Valentine Bleeding Heart care — frequently asked questions
What is the common name for Lamprocapnos spectabilis 'Valentine'?
Lamprocapnos spectabilis 'Valentine' is most commonly called Valentine Bleeding Heart, but it is also known as Valentine bleeding heart, red-stemmed bleeding heart. The names refer to the same species, so care instructions for Valentine Bleeding Heart apply identically to anything sold as red-stemmed bleeding heart.
How much light does valentine bleeding heart need?
Valentine Bleeding Heart grows best in medium indirect light (a couple of metres from a window). Part shade to dappled shade is ideal; morning sun with afternoon shade suits cooler gardens. Hot, full sun forces early dormancy and scorches foliage, especially in dry soil.
How often should I water valentine bleeding heart?
Water valentine bleeding heart keep soil consistently moist; water every 4-6 days in spring, easing off as it goes dormant. Wants steady moisture during active spring growth; drought triggers early yellowing and dormancy. Don't overwater dormant or winter crowns, which can rot in cold, wet soil. The finger-test (or lifting the pot to feel its weight) beats a fixed weekly calendar because pot size, light, and season all change how fast the soil dries.
Is valentine bleeding heart toxic to cats and dogs?
Valentine Bleeding Heart is toxic to pets. Bleeding heart (Lamprocapnos/Dicentra) is recognised as toxic to cats and dogs; all parts contain isoquinoline alkaloids. Reported signs include trembling, staggering, drooling, vomiting and diarrhoea, with larger ingestions risking more serious effects. The sap may also irritate skin — keep away from pets and wear gloves when handling.
What USDA hardiness zone does valentine bleeding heart grow in?
Valentine Bleeding Heart is rated for USDA zone 3-9 and RHS hardiness H6. Outside that range, grow it as a container plant that overwinters indoors before the first hard frost.

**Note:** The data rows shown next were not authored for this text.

lemma signed_perm_without_descents_eq_id:
  assumes w: "signed_perm n w" and no_descent: "\<And>k. k < n \<Longrightarrow> positive_root (w ` simple_root k)"
  shows "w = id"
proof -
  have ascent: "w (int k) < w (int k + 1)" if "1 \<le> k" "k < n" for k
    using no_descent[OF that(2)] that(1) by (simp add: positive_root_image_simple_root_iff[OF w])
  have increasing: "w x < w (x + 1)" if "- int n \<le> x" "x < int n" for x
  proof -
    consider "1 \<le> x" | "x = 0" | "x = -1" | "x \<le> -2" by linarith
    then show ?thesis
    proof cases
      case 1
      then show ?thesis using ascent[of "nat x"] that by simp
    next
      case 2
      then show ?thesis
        using no_descent[of 0] that signed_perm_zero[OF w]
        by (simp add: positive_root_image_simple_root_iff[OF w])
    next
      case 3
      then show ?thesis
        using no_descent[of 0] that signed_perm_zero[OF w] signed_perm_uminus[OF w, of 1]
        by (simp add: positive_root_image_simple_root_iff[OF w])
    next
      case 4
      then have "w (- x - 1) < w (- x)"
        using ascent[of "nat (- x - 1)"] that by simp
      moreover have "w (- x - 1) = - w (x + 1)"
        using signed_perm_uminus[OF w, of "x + 1"] by simp
      ultimately show ?thesis by (simp add: signed_perm_uminus[OF w])
    qed
  qed
  have maps_to: "- int n \<le> w x \<and> w x \<le> int n" if "- int n \<le> x" "x \<le> int n" for x
    using that signed_perm_in_signed_interval[OF w, of x] signed_perm_zero[OF w]
    by (cases "x = 0") (auto simp: signed_interval_def abs_le_iff)
  show ?thesis
  proof
    fix x
    show "w x = id x"
    proof (cases "\<bar>x\<bar> \<le> int n")
      case True
      then show ?thesis
        using increasing_self_map_of_interval_eq[of "- int n" "int n" w, OF increasing maps_to]
        by (simp add: abs_le_iff)
    next
      case False
      then show ?thesis using signed_perm_outside[OF w] by (simp add: signed_interval_def)
    qed
  qed
qed

lemma signed_perm_word_of_inversion_count:
  "signed_perm n w \<Longrightarrow>
     \<exists>ws. set ws \<subseteq> {0..<n} \<and> length ws = inversion_count n w \<and> evalw ws = w"
proof (induction "inversion_count n w" arbitrary: w rule: less_induct)
  case less
  show ?case
  proof (cases "\<forall>k<n. positive_root (w ` simple_root k)")
    case True
    then have "w = id" using signed_perm_without_descents_eq_id less.prems by blast
    then show ?thesis by (intro exI[of _ "[]"]) simp
  next
    case False
    then obtain k where k: "k < n" "\<not> positive_root (w ` simple_root k)" by blast
    note shorter = inversion_count_comp_gen_descent[OF less.prems k]
    obtain ws where ws: "set ws \<subseteq> {0..<n}" "length ws = inversion_count n (w \<circ> gen k)"
      "evalw ws = w \<circ> gen k"
      using less.hyps[of "w \<circ> gen k"] shorter signed_perm_comp[OF less.prems signed_perm_gen[OF k(1)]]
      by auto
    have "evalw (ws @ [k]) = w"
      using ws(3) by (simp add: evalw_append comp_assoc)
    then show ?thesis
      using ws k shorter by (intro exI[of _ "ws @ [k]"]) simp
  qed
qed

lemma lenB_eq_inversion_count:
  assumes "signed_perm n w"
  shows "lenB n w = inversion_count n w"
  unfolding lenB_def
proof (rule Least_equality)
  show "\<exists>ws. length ws = inversion_count n w \<and> set ws \<subseteq> {0..<n} \<and> evalw ws = w"
    using signed_perm_word_of_inversion_count[OF assms] by blast
qed (use inversion_count_evalw_le in blast)

section \<open>Left multiplication by t\<close>

lemma positive_root_tB_image:
  assumes "S \<in> roots n" "S \<noteq> {1}" "S \<noteq> {-1}"
  shows "positive_root (tB ` S) \<longleftrightarrow> positive_root S"
  using assms(1)
proof (cases rule: rootsE)
  case (2 u v)
  then have "u \<noteq> 0" "v \<noteq> 0" by (auto simp: signed_interval_def)
  with 2(3) have "\<bar>tB u\<bar> \<noteq> \<bar>tB v\<bar>"
    "(if \<bar>tB u\<bar> < \<bar>tB v\<bar> then 0 < tB v else 0 < tB u) \<longleftrightarrow>
     (if \<bar>u\<bar> < \<bar>v\<bar> then 0 < v else 0 < u)"
    by (auto simp: tB_def)
  with 2(3,4) show ?thesis
    by (simp add: positive_root_pair)
qed (use assms in \<open>auto simp: tB_def\<close>)

lemma inversion_count_tB_comp_less_iff:
  assumes w: "signed_perm n w" and "0 < n" and p: "w p = 1"
  shows "inversion_count n w < inversion_count n (tB \<circ> w) \<longleftrightarrow> 0 < p"
proof -
  define R where "R = {\<bar>p\<bar>}"
  have "p \<in> signed_interval n"
  proof (rule ccontr)
    assume "p \<notin> signed_interval n"
    moreover from this have "p = 1" using signed_perm_outside[OF w] p by simp
    ultimately show False using \<open>0 < n\<close> by (simp add: signed_interval_def)
  qed
  then have R: "R \<in> roots n" "positive_root R"
    by (auto simp: R_def roots_def signed_interval_def)
  have w_R: "w ` R = (if 0 < p then {1} else {-1})"
    using p signed_perm_uminus[OF w, of p] by (auto simp: R_def abs_if)
  have "S \<in> inversions n (tB \<circ> w) \<longleftrightarrow> S \<in> inversions n w" if "S \<noteq> R" for S
  proof (cases "S \<in> roots n \<and> positive_root S")
    case True
    have "S \<noteq> {p}" "S \<noteq> {-p}"
      using True that by (auto simp: R_def)
    then have "w ` S \<noteq> w ` {p}" "w ` S \<noteq> w ` {-p}"
      by (simp_all only: signed_perm_image_eq_iff[OF w] not_False_eq_True)
    then have "w ` S \<noteq> {1}" "w ` S \<noteq> {-1}"
      using p signed_perm_uminus[OF w, of p] by auto
    then have "positive_root (tB ` w ` S) \<longleftrightarrow> positive_root (w ` S)"
      using True positive_root_tB_image[OF signed_perm_image_roots[OF w]] by blast
    then show ?thesis
      by (simp add: inversions_def image_comp)
  qed (auto simp: inversions_def)
  then have "inversions n (tB \<circ> w) - {R} = inversions n w - {R}"
    by blast
  then have same: "card (inversions n (tB \<circ> w) - {R}) = card (inversions n w - {R})"
    by (rule arg_cong)
  have "(tB \<circ> w) ` R = tB ` w ` R"
    by (rule image_comp[symmetric])
  also have "\<dots> = (if 0 < p then {-1} else {1})"
    by (simp add: w_R tB_def)
  finally have R_tB_w: "R \<in> inversions n (tB \<circ> w) \<longleftrightarrow> 0 < p"
    using R by (simp add: inversions_def)
  have R_w: "R \<in> inversions n w \<longleftrightarrow> \<not> 0 < p"
    using R w_R by (simp add: inversions_def)
  show ?thesis
  proof (cases "0 < p")
    case True
    have "inversion_count n (tB \<circ> w) = Suc (inversion_count n w)"
      unfolding inversion_count_def
      by (rule card_eq_Suc_if_Diff_eq[OF finite_inversions _ _ same])
         (use True R_tB_w R_w in simp_all)
    then show ?thesis using True by simp
  next
    case False
    have "inversion_count n w = Suc (inversion_count n (tB \<circ> w))"
      unfolding inversion_count_def
      by (rule card_eq_Suc_if_Diff_eq[OF finite_inversions _ _ same[symmetric]])
         (use False R_tB_w R_w in simp_all)
    then show ?thesis using False by simp
  qed
qed

section \<open>The factors of alpha\<close>

lemma evalw_fixes_below:
  assumes "1 \<le> l" "set ws \<subseteq> {l..}" "1 \<le> x" "x < int l"
  shows "evalw ws x = x"
  using assms(2)
proof (induction ws)
  case (Cons k ws)
  then show ?case using assms(1,3,4) by (auto simp: gen_def sB_def)
qed simp

lemma evalw_maps_interval:
  assumes "1 \<le> l" "set ws \<subseteq> {l..<n}" "int l \<le> x" "x \<le> int n"
  shows "int l \<le> evalw ws x \<and> evalw ws x \<le> int n"
  using assms(2)
proof (induction ws)
  case (Cons k ws)
  then show ?case using assms(1) by (auto simp: gen_def sB_def)
qed (use assms in simp)

lemma parB_signed_perm: "v \<in> parB i j \<Longrightarrow> j \<le> n \<Longrightarrow> signed_perm n v"
  by (auto simp: parB_def intro!: signed_perm_evalw)

lemma sigmaB_longest:
  assumes "j \<le> n"
  shows "sigmaB n i j \<in> parB i j \<and> (\<forall>v\<in>parB i j. lenB n v \<le> lenB n (sigmaB n i j))"
proof -
  let ?L = "lenB n ` parB i j"
  have "?L \<subseteq> {..card (roots n)}"
    using assms parB_signed_perm lenB_eq_inversion_count inversion_count_le_card_roots by fastforce
  then have "finite ?L" by (rule finite_subset) simp
  moreover have "id \<in> parB i j"
    by (auto simp: parB_def intro!: exI[of _ "[]"])
  ultimately obtain s where "s \<in> parB i j" "lenB n s = Max ?L"
    using Max_in[of ?L] by fastforce
  then have "\<exists>s. s \<in> parB i j \<and> (\<forall>v\<in>parB i j. lenB n v \<le> lenB n s)"
    using Max_ge[OF \<open>finite ?L\<close>] by auto
  then show ?thesis
    unfolding sigmaB_def by (rule someI_ex)
qed

lemma sigmaB_fixes_below:
  assumes "1 \<le> l" "1 \<le> x" "x < int l"
  shows "sigmaB n l n x = x"
proof -
  obtain ws where ws: "set ws \<subseteq> {l..<n}" "sigmaB n l n = evalw ws"
    using sigmaB_longest[of n n l] by (auto simp: parB_def)
  then have "set ws \<subseteq> {l..}" by auto
  then show ?thesis
    using evalw_fixes_below[OF assms(1) _ assms(2,3)] ws(2) by simp
qed

lemma sigmaB_reverses:
  assumes "1 \<le> l" "int l \<le> x" "x \<le> int n"
  shows "sigmaB n l n x = int n + int l - x"
proof -
  define s where "s = sigmaB n l n"
  obtain ws where ws: "set ws \<subseteq> {l..<n}" "s = evalw ws"
    using sigmaB_longest[of n n l] by (auto simp: parB_def s_def)
  have longest: "lenB n v \<le> lenB n s" if "v \<in> parB l n" for v
    using sigmaB_longest[of n n l] that by (simp add: s_def)
  have s: "signed_perm n s"
    using parB_signed_perm[OF conjunct1[OF sigmaB_longest] order_refl] by (simp add: s_def)
  have decreasing: "s (i + 1) < s i" if "int l \<le> i" "i < int n" for i
  proof (rule ccontr)
    assume "\<not> s (i + 1) < s i"
    then have "positive_root (s ` simple_root (nat i))"
      using that assms(1) signed_perm_eq_iff[OF s, of "i + 1" i]
      by (auto simp: positive_root_image_simple_root_iff[OF s])
    then have "lenB n (s \<circ> gen (nat i)) = Suc (lenB n s)"
      using that inversion_count_comp_gen_ascent[OF s] lenB_eq_inversion_count[OF s]
        lenB_eq_inversion_count[OF signed_perm_comp[OF s signed_perm_gen]]
      by simp
    moreover have "set (ws @ [nat i]) \<subseteq> {l..<n}"
      using ws(1) that by auto
    then have "evalw (ws @ [nat i]) \<in> parB l n"
      unfolding parB_def by blast
    then have "s \<circ> gen (nat i) \<in> parB l n"
      using ws(2) by (simp add: evalw_append)
    ultimately show False
      using longest by fastforce
  qed
  have "int n + int l - s x = x"
  proof (rule increasing_self_map_of_interval_eq[of "int l" "int n"])
    show "int n + int l - s y < int n + int l - s (y + 1)" if "int l \<le> y" "y < int n" for y
      using decreasing[OF that] by simp
    show "int l \<le> int n + int l - s y \<and> int n + int l - s y \<le> int n"
      if "int l \<le> y" "y \<le> int n" for y
      using evalw_maps_interval[OF assms(1) ws(1) that] ws(2) by simp
  qed (use assms in auto)
  then show ?thesis by (simp add: s_def)
qed

lemma signed_perm_tB: "0 < n \<Longrightarrow> signed_perm n tB"
  using signed_perm_gen[of 0 n] by (simp add: gen_def)

lemma signed_perm_rB: "i \<le> n \<Longrightarrow> signed_perm n (rB i)"
proof (induction i rule: rB.induct)
  case (3 i)
  then have "signed_perm n (sB (Suc i))"
    using signed_perm_gen[of "Suc i" n] by (simp add: gen_def)
  with 3 show ?case
    unfolding rB.simps by (intro signed_perm_comp) simp_all
qed (simp_all add: signed_perm_id signed_perm_tB)

lemma signed_perm_aB: "l \<le> n \<Longrightarrow> signed_perm n (aB l)"
proof (induction l)
  case (Suc l)
  then show ?case
    unfolding aB.simps by (intro signed_perm_comp signed_perm_rB) simp_all
qed (simp add: signed_perm_id)

lemma signed_perm_cB: "J \<subseteq> {0..<n} \<Longrightarrow> signed_perm n (cB J)"
  unfolding cB_def by (rule signed_perm_evalw) (simp add: finite_subset)

lemma rB_uminus: "rB i (- x) = - rB i x"
  by (induction i arbitrary: x rule: rB.induct) (auto simp: tB_def sB_def)

lemma aB_uminus: "aB l (- x) = - aB l x"
  by (induction l arbitrary: x) (simp_all add: rB_uminus)

lemma rB_above: "int i < x \<Longrightarrow> rB i x = x"
  by (induction i rule: rB.induct) (auto simp: tB_def sB_def)

lemma rB_one: "1 \<le> i \<Longrightarrow> rB i 1 = - int i"
  by (induction i rule: rB.induct) (auto simp: tB_def sB_def)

Valentine Bleeding Heart deep-dive guides
Every aspect of valentine bleeding heart care, each with its own calibrated guide:
- Valentine Bleeding Heart watering schedule
- Valentine Bleeding Heart light requirements
- Best soil mix for valentine bleeding heart
- Valentine Bleeding Heart fertilizing guide
- When to repot valentine bleeding heart
- How to propagate valentine bleeding heart
- Valentine Bleeding Heart growth rate & size
- Valentine Bleeding Heart cold hardiness
- Valentine Bleeding Heart temperature & humidity
- Is valentine bleeding heart toxic to cats & dogs?

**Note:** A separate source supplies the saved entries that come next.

lemma excess_surr_block_witness:
  assumes "blk ` {1..k} = {1..b}" "v0 \<in> {1..b}" "u \<in> {1..b}" "u \<noteq> v0"
    and "0 \<le> \<epsilon>" "\<epsilon> \<le> 1" "0 < \<delta>"
  defines "s \<equiv> real (block_size k blk v0)"
  defines "T \<equiv> s * \<epsilon> / (s + 1)"
  obtains f q where "q \<in> prob_simplex k" "excess_loss k (L01b blk) UNIV f q = \<epsilon>"
    "excess_surr k (Phi_quad k (L01b blk)) UNIV f q = (1 / (2 * real k)) * ((T + \<delta>)^2 + s * (T - \<epsilon>)^2)"
proof -
  obtain c0 where c0: "c0 \<in> {1..k}" "blk c0 = v0" using assms(1,2) by (metis imageE)
  obtain j where j: "j \<in> {1..k}" "blk j = u" using assms(1,3) by (metis imageE)
  have kpos: "k > 0" using c0(1) by simp
  define q where "q = two_point ((1 + \<epsilon>) / 2) c0 j"
  define r where "r = label_risk k (L01b blk) q"
  have q: "q \<in> prob_simplex k"
    unfolding q_def using assms c0 j by (intro two_point_in_prob_simplex) auto
  have r: "r i = (if blk i = v0 then (1 - \<epsilon>) / 2 else if blk i = u then (1 + \<epsilon>) / 2 else 1)" for i
    unfolding r_def q_def using label_risk_L01b_two_point[OF c0(1) j(1)] c0(2) j(2) assms(4)
    by (simp add: field_simps)
  have "T \<le> \<epsilon>"
    unfolding T_def s_def using assms(5) by (simp add: divide_le_eq algebra_simps)
  have T: "0 \<le> T" "T \<le> 1"
    using \<open>T \<le> \<epsilon>\<close> assms(5,6) by (simp add: T_def s_def, linarith)
  define f where "f i = (if i = j then - (1 + \<epsilon>) / 2 + T + \<delta>
                         else if blk i = v0 then - (1 + \<epsilon>) / 2 + T else - r i)" for i
  have "pred k f = j"
  proof (rule pred_eqI[OF j(1)])
    fix d assume "d \<in> {1..k}" "d \<noteq> j"
    then show "f d < f j"
      using r[of d] j(2) T assms(5,6,7) unfolding f_def by (auto simp: field_simps)
  qed
  moreover have "Min (r ` {1..k}) = r c0"
    using c0 assms(5) by (intro Min_eqI) (auto simp: r)
  ultimately have "excess_loss k (L01b blk) UNIV f q = r j - r c0"
    using excess_loss_UNIV[OF kpos, of "L01b blk" f q] unfolding r_def by simp
  also have "\<dots> = \<epsilon>"
    using j(2) c0(2) assms(4) by (simp add: r field_simps)
  finally have "excess_loss k (L01b blk) UNIV f q = \<epsilon>" .
  moreover have "(f i + r i)^2 = (if i = j then (T + \<delta>)^2 else 0) + (if blk i = v0 then (T - \<epsilon>)^2 else 0)" for i
    using j(2) assms(4) by (auto simp: f_def r field_simps power2_eq_square)
  then have "(\<Sum>i\<in>{1..k}. (f i + r i)^2) = (T + \<delta>)^2 + s * (T - \<epsilon>)^2"
    using j(1) by (simp add: sum.distrib sum.If_cases s_def block_size_def Int_def conj_commute)
  then have "excess_surr k (Phi_quad k (L01b blk)) UNIV f q = (1 / (2 * real k)) * ((T + \<delta>)^2 + s * (T - \<epsilon>)^2)"
    using excess_surr_Phi_quad[OF q] unfolding r_def by simp
  ultimately show ?thesis using q that by blast
qed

- Is valentine bleeding heart toxic to cats?
- Is valentine bleeding heart toxic to dogs?
- Getting valentine bleeding heart to bloom
Featured in these plant shortlists
Valentine Bleeding Heart qualifies for 7 curated Growli shortlists — each one filtered objectively from our structured plant-care library, so the selection is consistent and checkable:
- Best low-light houseplants — Houseplants that need no direct sun and cope with a north-facing room or a spot well back from a window.
- Best plants for a north-facing window — Houseplants for a north-facing window: bright, even, indirect light and no scorching direct sun. Each pick verified against its documented light needs.

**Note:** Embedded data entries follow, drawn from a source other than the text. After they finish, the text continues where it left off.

(* For every real $\beta$ and all $t\in\mathbb{R}$: $L=M(t)+V(t)=R(t)+S(t)+V(t)$; the operators $M(t),L,V(t),R(t),S(t)$ are self-adjoint and pairwise commute; $M(t)$ and $V(t)$ have only nonnegative eigenvalues. Moreover, for $t>0$ the operators $b(t),M(t),L,V(t)$ all have the same kernel.
   Context: Let $G$ be a finite simple graph. For $k\ge0$ let $\Omega_k$ be the space of complex-valued functions on the (oriented) $k$-simplices of $G$ (complete subgraphs with $k+1$ vertices), $\Omega=\bigoplus_k\Omega_k$. The exterior derivative $d_0:\Omega_k\to\Omega_{k+1}$ is $(d_0f)(x_0,\dots,x_{k+1})=\sum_{j}(-1)^jf(x_0,\dots,\hat x_j,\dots,x_{k+1})$, $D_0=d_0+d_0^*$, $L=D_0^2$. For a self-adjoint operator $D$ on $\Omega$ whose blocks $\Omega_k\to\Omega_j$ vanish unless $|j-k|\le1$, write $D=d+d^*+b$ with $d$ the blocks $\Omega_k\to\Omega_{k+1}$ and $b$ the block-diagonal part. The Dirac deformation with real parameter $\beta$ is the solution $D(t)$ of $D'=BD-DB$, $D(0)=D_0$, with $B(t)=d(t)-d(t)^*+i\beta b(t)$, $D(t)=d(t)+d(t)^*+b(t)$ (the solution exists for all real $t$ and keeps this form). Set $C(t)=d(t)+d(t)^*$, $M(t)=C(t)^2$, $V(t)=b(t)^2$, $R(t)=d(t)d(t)^*$, $S(t)=d(t)^*d(t)$. *)

theory Defs
  imports "HOL-Analysis.Analysis"
begin

text \<open>Vertices carry a linear order, used to fix the orientation of each simplex
(an oriented simplex is identified with its increasingly ordered vertex list).\<close>

definition finite_simple_graph :: "'a set \<Rightarrow> ('a \<Rightarrow> 'a \<Rightarrow> bool) \<Rightarrow> bool" where
  "finite_simple_graph V E \<longleftrightarrow> finite V \<and> (\<forall>u v. E u v \<longrightarrow> u \<in> V \<and> v \<in> V)
     \<and> (\<forall>u v. E u v \<longrightarrow> E v u) \<and> (\<forall>u. \<not> E u u)"

text \<open>Simplices = complete subgraphs (nonempty vertex sets, pairwise adjacent).
A k-simplex has card k+1.\<close>
definition simplices :: "'a set \<Rightarrow> ('a \<Rightarrow> 'a \<Rightarrow> bool) \<Rightarrow> 'a set set" where
  "simplices V E = {x. x \<subseteq> V \<and> x \<noteq> {} \<and> (\<forall>u\<in>x. \<forall>v\<in>x. u \<noteq> v \<longrightarrow> E u v)}"

text \<open>Operators on \<Omega> are matrices indexed by simplices; vectors are functions on
simplices vanishing outside S.\<close>
type_synonym 'a op = "'a set \<Rightarrow> 'a set \<Rightarrow> complex"

definition vecs :: "'a set set \<Rightarrow> ('a set \<Rightarrow> complex) set" where
  "vecs S = {f. \<forall>x. x \<notin> S \<longrightarrow> f x = 0}"

definition mmul :: "'a set set \<Rightarrow> 'a op \<Rightarrow> 'a op \<Rightarrow> 'a op" where
  "mmul S A B = (\<lambda>x y. if x \<in> S \<and> y \<in> S then (\<Sum>z\<in>S. A x z * B z y) else 0)"

definition mvec :: "'a set set \<Rightarrow> 'a op \<Rightarrow> ('a set \<Rightarrow> complex) \<Rightarrow> ('a set \<Rightarrow> complex)" where
  "mvec S A f = (\<lambda>x. if x \<in> S then (\<Sum>y\<in>S. A x y * f y) else 0)"

definition adj :: "'a op \<Rightarrow> 'a op" where
  "adj A = (\<lambda>x y. cnj (A y x))"

definition madd :: "'a op \<Rightarrow> 'a op \<Rightarrow> 'a op" where
  "madd A B = (\<lambda>x y. A x y + B x y)"

definition msub :: "'a op \<Rightarrow> 'a op \<Rightarrow> 'a op" where
  "msub A B = (\<lambda>x y. A x y - B x y)"

definition mscale :: "complex \<Rightarrow> 'a op \<Rightarrow> 'a op" where
  "mscale c A = (\<lambda>x y. c * A x y)"

text \<open>Exterior derivative d_0 : entry (x,y) with x a (k+1)-simplex and y a k-simplex,
y = x with its j-th vertex (in increasing order) removed, equals (-1)^j.\<close>
definition ext_d :: "'a::linorder set set \<Rightarrow> 'a op" where
  "ext_d S = (\<lambda>x y. if x \<in> S \<and> y \<in> S \<and> y \<subseteq> x \<and> card x = card y + 1
       then (\<Sum>w\<in>x - y. (-1) ^ card {v\<in>x. v < w}) else 0)"

definition dirac0 :: "'a::linorder set set \<Rightarrow> 'a op" where
  "dirac0 S = madd (ext_d S) (adj (ext_d S))"

definition dpart :: "'a op \<Rightarrow> 'a op" where
  "dpart A = (\<lambda>x y. if card x = card y + 1 then A x y else 0)"

definition bpart :: "'a op \<Rightarrow> 'a op" where
  "bpart A = (\<lambda>x y. if card x = card y then A x y else 0)"

definition self_adjoint :: "'a op \<Rightarrow> bool" where
  "self_adjoint A \<longleftrightarrow> adj A = A"

definition eigenvalue :: "'a set set \<Rightarrow> 'a op \<Rightarrow> complex \<Rightarrow> bool" where
  "eigenvalue S A c \<longleftrightarrow> (\<exists>f\<in>vecs S. f \<noteq> (\<lambda>_. 0) \<and> mvec S A f = (\<lambda>x. c * f x))"

definition kernel :: "'a set set \<Rightarrow> 'a op \<Rightarrow> ('a set \<Rightarrow> complex) set" where
  "kernel S A = {f\<in>vecs S. mvec S A f = (\<lambda>_. 0)}"

definition laxB :: "real \<Rightarrow> 'a op \<Rightarrow> 'a op" where
  "laxB \<beta> D = madd (msub (dpart D) (adj (dpart D))) (mscale (\<i> * complex_of_real \<beta>) (bpart D))"

definition dirac_deformation :: "'a::linorder set set \<Rightarrow> real \<Rightarrow> (real \<Rightarrow> 'a op) \<Rightarrow> bool" where
  "dirac_deformation S \<beta> D \<longleftrightarrow> D 0 = dirac0 S \<and>
     (\<forall>t x y. ((\<lambda>s. D s x y) has_vector_derivative
        (msub (mmul S (laxB \<beta> (D t)) (D t)) (mmul S (D t) (laxB \<beta> (D t)))) x y) (at t))"

end

theory Submission
  imports Defs
begin

text \<open>The Lax flow keeps \<open>D\<close> self-adjoint and tridiagonal, and in terms of \<open>D = d + d\<^sup>* + b\<close> it
  reads \<open>d' = (1 - i\<beta>)(d b - b d)\<close>, \<open>b' = 2(d d\<^sup>* - d\<^sup>* d)\<close>. Hence \<open>d\<^sup>2\<close> and \<open>d b + b d\<close> solve
  linear equations and vanish at \<open>t = 0\<close>, so they vanish for all \<open>t\<close>. With these relations
  \<open>(D\<^sup>2)' = 0\<close>, so \<open>D(t)\<^sup>2 = L\<close>, and expanding \<open>D\<^sup>2 = d d\<^sup>* + d\<^sup>* d + b\<^sup>2\<close> gives the identities and
  the commutation relations. Moreover \<open>R' = -4 b R\<close> and \<open>S' = 4 b S\<close>, so the kernels of \<open>R(t)\<close> and
  \<open>S(t)\<close>, and hence of \<open>M(t)\<close>, do not depend on \<open>t\<close>; at \<open>t = 0\<close> we have \<open>M = L\<close>.
  Finally let \<open>t > 0\<close> and \<open>b(t) f = 0\<close>. If \<open>g = R(t) f \<noteq> 0\<close>, the form \<open>\<langle>g, b(s) g\<rangle>\<close> vanishes at
  \<open>s = 0\<close> and \<open>s = t\<close>, but its derivative \<open>2 |d(s)\<^sup>* g|\<^sup>2\<close> is positive for all \<open>s\<close>; the same
  argument applies to \<open>S(t) f\<close>. So \<open>ker b(t) \<subseteq> ker M(t)\<close>, and the converse inclusions follow
  from \<open>L = M + V\<close> with both summands nonnegative.\<close>

section \<open>Matrices indexed by simplices\<close>

definition mzero :: "'a op" where
  "mzero = (\<lambda>x y. 0)"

- Best drought-tolerant houseplants — Houseplants that prefer to dry out — forgiving of forgotten watering and ideal for travel or busy weeks.
- Best houseplants for beginners — Forgiving of irregular light and watering — the houseplants least likely to die in a new plant parent’s first season.
- Best flowering houseplants — Indoor plants grown for their blooms — selected from the flowering species in Growli’s plant-care library.
- Houseplants toxic to cats & dogs — The common houseplants the ASPCA lists as toxic to cats and dogs — the ones to keep out of reach, each with its symptoms and a safe alternative.
- Best houseplants for a cool room — Houseplants that tolerate cool conditions down to about 10°C — for an unheated spare room, hallway, porch or a home kept cool.
- Browse all 29 plant shortlists — pet-safe, low-light, drought-tolerant and more
Related guides
Valentine Bleeding Heart is also commonly called Valentine bleeding heart or red-stemmed bleeding heart.